US interest rate update: Fed tightens again

US rates rose by another 25 basis points at the Federal Open Market Committee’s March meeting as policymakers continued to take action to curb inflationary pressures.


  • The federal funds rate was raised to a range of 4.75% to 5%
  • Inflation is forecast to fall to 3.3% by the end of 2023
  • The Fed emphasised that the US banking system remained resilient

US rates rose by another 25 basis points at the Federal Open Market Committee’s (FOMC’s) March meeting  as policymakers continued to take action to curb inflationary pressures. This was the Federal Reserve’s (Fed’s) ninth  consecutive rate increase, which took the key federal funds rate to a range of 4.75% to 5%. Looking ahead, there are signs that US interest rates could be approaching their peak: Fed forecasts  suggest that the federal funds rate will end the year at 5.1%.

“We have to bring down inflation to 2%”
(Fed Chair Jerome Powell)

Fed Chair Powell  insisted that the need to cool inflation remained paramount, saying: “We have to bring down inflation to 2% … There are real costs to bringing it down to 2% but the cost of failing is much higher”. The annualised rate of consumer price inflation in the US eased from 6.4%  to 6%  in February, and inflation is forecast to fall to 3.3%  by the end of the year. 

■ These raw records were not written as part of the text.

lemma sat_g_eta:
  assumes sig: "wf_sig Dom Ran" and F: "wf_sys Dom Ran F" and V: "V \<in> En F"
    and G: "wf_sys Dom Ran G" and s: "s \<in> PiE Dom Ran"
  shows "sat_g Dom Ran {(s, G)} (eta Dom Ran F V) \<longleftrightarrow>
    (\<forall>u\<in>PiE (Dom - {V}) Ran. cf_value G s u V = Fn F V (restrict u (PA F V)))"
proof -
  let ?W = "Dom - (PA F V \<union> {V})" and ?P = "PA F V"
  let ?merge = "\<lambda>w p X. if X \<in> ?P then p X else w X"
  have fin_Dom: "finite Dom" and fin_Ran: "\<forall>X\<in>Dom. finite (Ran X)"
    using sig by (simp_all add: wf_sig_def)
  have VD: "V \<in> Dom" and PF: "?P \<subseteq> Dom - {V}"
    using V wf_sys_En_subset[OF F] wf_sys_PA_subset[OF F] by blast+
  have fin_P: "finite ?P"
    using fin_Dom by (simp add: finite_subset[OF PF])
  have fin: "finite {Cf (ante ?W w @ ante ?P p) (Eq V (Fn F V p)) | w p.
      w \<in> PiE ?W Ran \<and> p \<in> PiE ?P Ran}"
    by (rule finite_image_set2) (use fin_Dom fin_Ran fin_P PF in \<open>auto intro!: finite_PiE\<close>)
  have conjunct: "sat_g Dom Ran {(s, G)} (Cf (ante ?W w @ ante ?P p) (Eq V (Fn F V p))) \<longleftrightarrow>
      cf_value G s (?merge w p) V = Fn F V (restrict (?merge w p) ?P)"
    if w: "w \<in> PiE ?W Ran" and p: "p \<in> PiE ?P Ran" for w p
  proof -
    have "?merge w p \<in> PiE (Dom - {V}) Ran"
      using w p PF by (auto simp: PiE_iff extensional_def)
    moreover have "set (ante ?W w @ ante ?P p) = (\<lambda>X. (X, ?merge w p X)) ` (Dom - {V})"
      using fin_Dom fin_P PF by (auto simp: set_ante)
    moreover have "restrict (?merge w p) ?P = p"
      using p by (auto simp: PiE_iff extensional_def fun_eq_iff)
    ultimately show ?thesis
      using sat_g_Cf_all_but[OF G s VD] by simp
  qed
  have "sat_g Dom Ran {(s, G)} (eta Dom Ran F V) \<longleftrightarrow> (\<forall>w\<in>PiE ?W Ran. \<forall>p\<in>PiE ?P Ran.
      sat_g Dom Ran {(s, G)} (Cf (ante ?W w @ ante ?P p) (Eq V (Fn F V p))))"
    unfolding eta_def sat_g_ConjSet[OF fin] by blast
  also have "\<dots> \<longleftrightarrow> (\<forall>w\<in>PiE ?W Ran. \<forall>p\<in>PiE ?P Ran.
      cf_value G s (?merge w p) V = Fn F V (restrict (?merge w p) ?P))"
    using conjunct by simp
  also have "\<dots> \<longleftrightarrow> (\<forall>u\<in>PiE (?W \<union> ?P) Ran. cf_value G s u V = Fn F V (restrict u ?P))"
    by (rule ball_PiE_disjoint_Un[symmetric]) blast
  also have "?W \<union> ?P = Dom - {V}"
    using PF by blast
  finally show ?thesis .
qed

lemma sat_g_xi:
  assumes sig: "wf_sig Dom Ran" and V: "V \<in> Dom"
    and G: "wf_sys Dom Ran G" and s: "s \<in> PiE Dom Ran"
  shows "sat_g Dom Ran {(s, G)} (xi Dom Ran V) \<longleftrightarrow>
    (\<forall>u\<in>PiE (Dom - {V}) Ran. cf_value G s u V = s V)"
proof -
  have fin_Dom: "finite Dom" and fin_Ran: "\<forall>X\<in>Dom. finite (Ran X)"
    using sig by (simp_all add: wf_sig_def)
  have fin: "finite {Imp (Eq V v) (Cf (ante (Dom - {V}) w) (Eq V v)) | v w.
      v \<in> Ran V \<and> w \<in> PiE (Dom - {V}) Ran}"
    by (rule finite_image_set2) (use fin_Dom fin_Ran V in \<open>auto intro!: finite_PiE\<close>)
  have "sat_g Dom Ran {(s, G)} (xi Dom Ran V) \<longleftrightarrow> (\<forall>v\<in>Ran V. \<forall>w\<in>PiE (Dom - {V}) Ran.
      sat_g Dom Ran {(s, G)} (Imp (Eq V v) (Cf (ante (Dom - {V}) w) (Eq V v))))"
    unfolding xi_def sat_g_ConjSet[OF fin] by blast
  also have "\<dots> \<longleftrightarrow> (\<forall>v\<in>Ran V. \<forall>w\<in>PiE (Dom - {V}) Ran. s V = v \<longrightarrow> cf_value G s w V = v)"
    using sat_g_Cf_all_but[OF G s V] fin_Dom by (simp add: sat_g_singleton_Imp set_ante)
  also have "\<dots> \<longleftrightarrow> (\<forall>u\<in>PiE (Dom - {V}) Ran. cf_value G s u V = s V)"
    using s V by (auto simp: PiE_iff)
  finally show ?thesis .
qed

lemma sat_g_Phi:
  assumes sig: "wf_sig Dom Ran" and F: "wf_sys Dom Ran F" and G: "wf_sys Dom Ran G"
    and s: "s \<in> PiE Dom Ran" and compat: "compatible G s"
  shows "sat_g Dom Ran {(s, G)} (Phi Dom Ran F) \<longleftrightarrow> sim Ran G F"
proof -
  have "finite Dom"
    using sig by (simp add: wf_sig_def)
  moreover have "En F - Cn Ran F \<subseteq> Dom"
    using wf_sys_En_subset[OF F] by blast
  ultimately have "finite (eta Dom Ran F ` (En F - Cn Ran F))" "finite (xi Dom Ran ` (Dom - (En F - Cn Ran F)))"
    by (auto intro: finite_subset)
  then show ?thesis
    unfolding Phi_def sat_g.simps(3) sim_iff_cf_value[OF sig F G s compat]
    using sat_g_eta[OF sig F _ G s] sat_g_xi[OF sig _ G s] by (simp add: sat_g_ConjSet)
qed

lemma sat_g_Theta:
  assumes sig: "wf_sig Dom Ran" and Tm: "Tm \<subseteq> PiE Dom Ran" and s: "s \<in> PiE Dom Ran"
  shows "sat_g Dom Ran {(s, G)} (Theta Dom Ran Tm) \<longleftrightarrow> s \<in> Tm"
proof -
  have fin_Dom: "finite Dom" and fin_Ran: "\<forall>X\<in>Dom. finite (Ran X)"
    using sig by (simp_all add: wf_sig_def)
  then have "finite Tm"
    using finite_subset[OF Tm] by (simp add: finite_PiE)
  then have "sat_g Dom Ran {(s, G)} (Theta Dom Ran Tm) \<longleftrightarrow> (\<exists>t\<in>Tm. \<forall>V\<in>Dom. s V = t V)"
    unfolding Theta_def using fin_Dom by (simp add: sat_g_singleton_DisjSet sat_g_ConjSet)
  also have "\<dots> \<longleftrightarrow> s \<in> Tm"
    using Tm s by (metis PiE_ext subsetD)
  finally show ?thesis .
qed

lemma sat_g_Theta_Phi:
  assumes sig: "wf_sig Dom Ran" and F: "wf_sys Dom Ran F"
    and S: "gteam Dom Ran S" and Tm: "Tm \<subseteq> PiE Dom Ran"
  shows "sat_g Dom Ran S (Conj (Theta Dom Ran Tm) (Phi Dom Ran F)) \<longleftrightarrow>
    (\<forall>(s, G)\<in>S. s \<in> Tm \<and> sim Ran G F)"
proof -
  have "sat_g Dom Ran {(s, G)} (Theta Dom Ran Tm) \<longleftrightarrow> s \<in> Tm"
    and "sat_g Dom Ran {(s, G)} (Phi Dom Ran F) \<longleftrightarrow> sim Ran G F"
    if "(s, G) \<in> S" for s G
    using S that sat_g_Theta[OF sig Tm] sat_g_Phi[OF sig F] by (auto simp: gteam_def)
  then show ?thesis
    unfolding sat_g_flat[of _ _ S] by auto
qed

Chair Powell  acknowledged that the recent collapse of Silicon Valley Bank (SVB) and Signature Bank in the US could hamper economic growth in the near term, commenting: “Events in the banking system … are likely to result in tighter credit conditions for households and businesses”. Nevertheless, the central bank emphasised that the US banking system remained “sound and resilient”. The Fed downgraded its expectations for economic growth this year from 0.5% to 0.4% in 2023 and from 1.6% to 1.2% in 2024.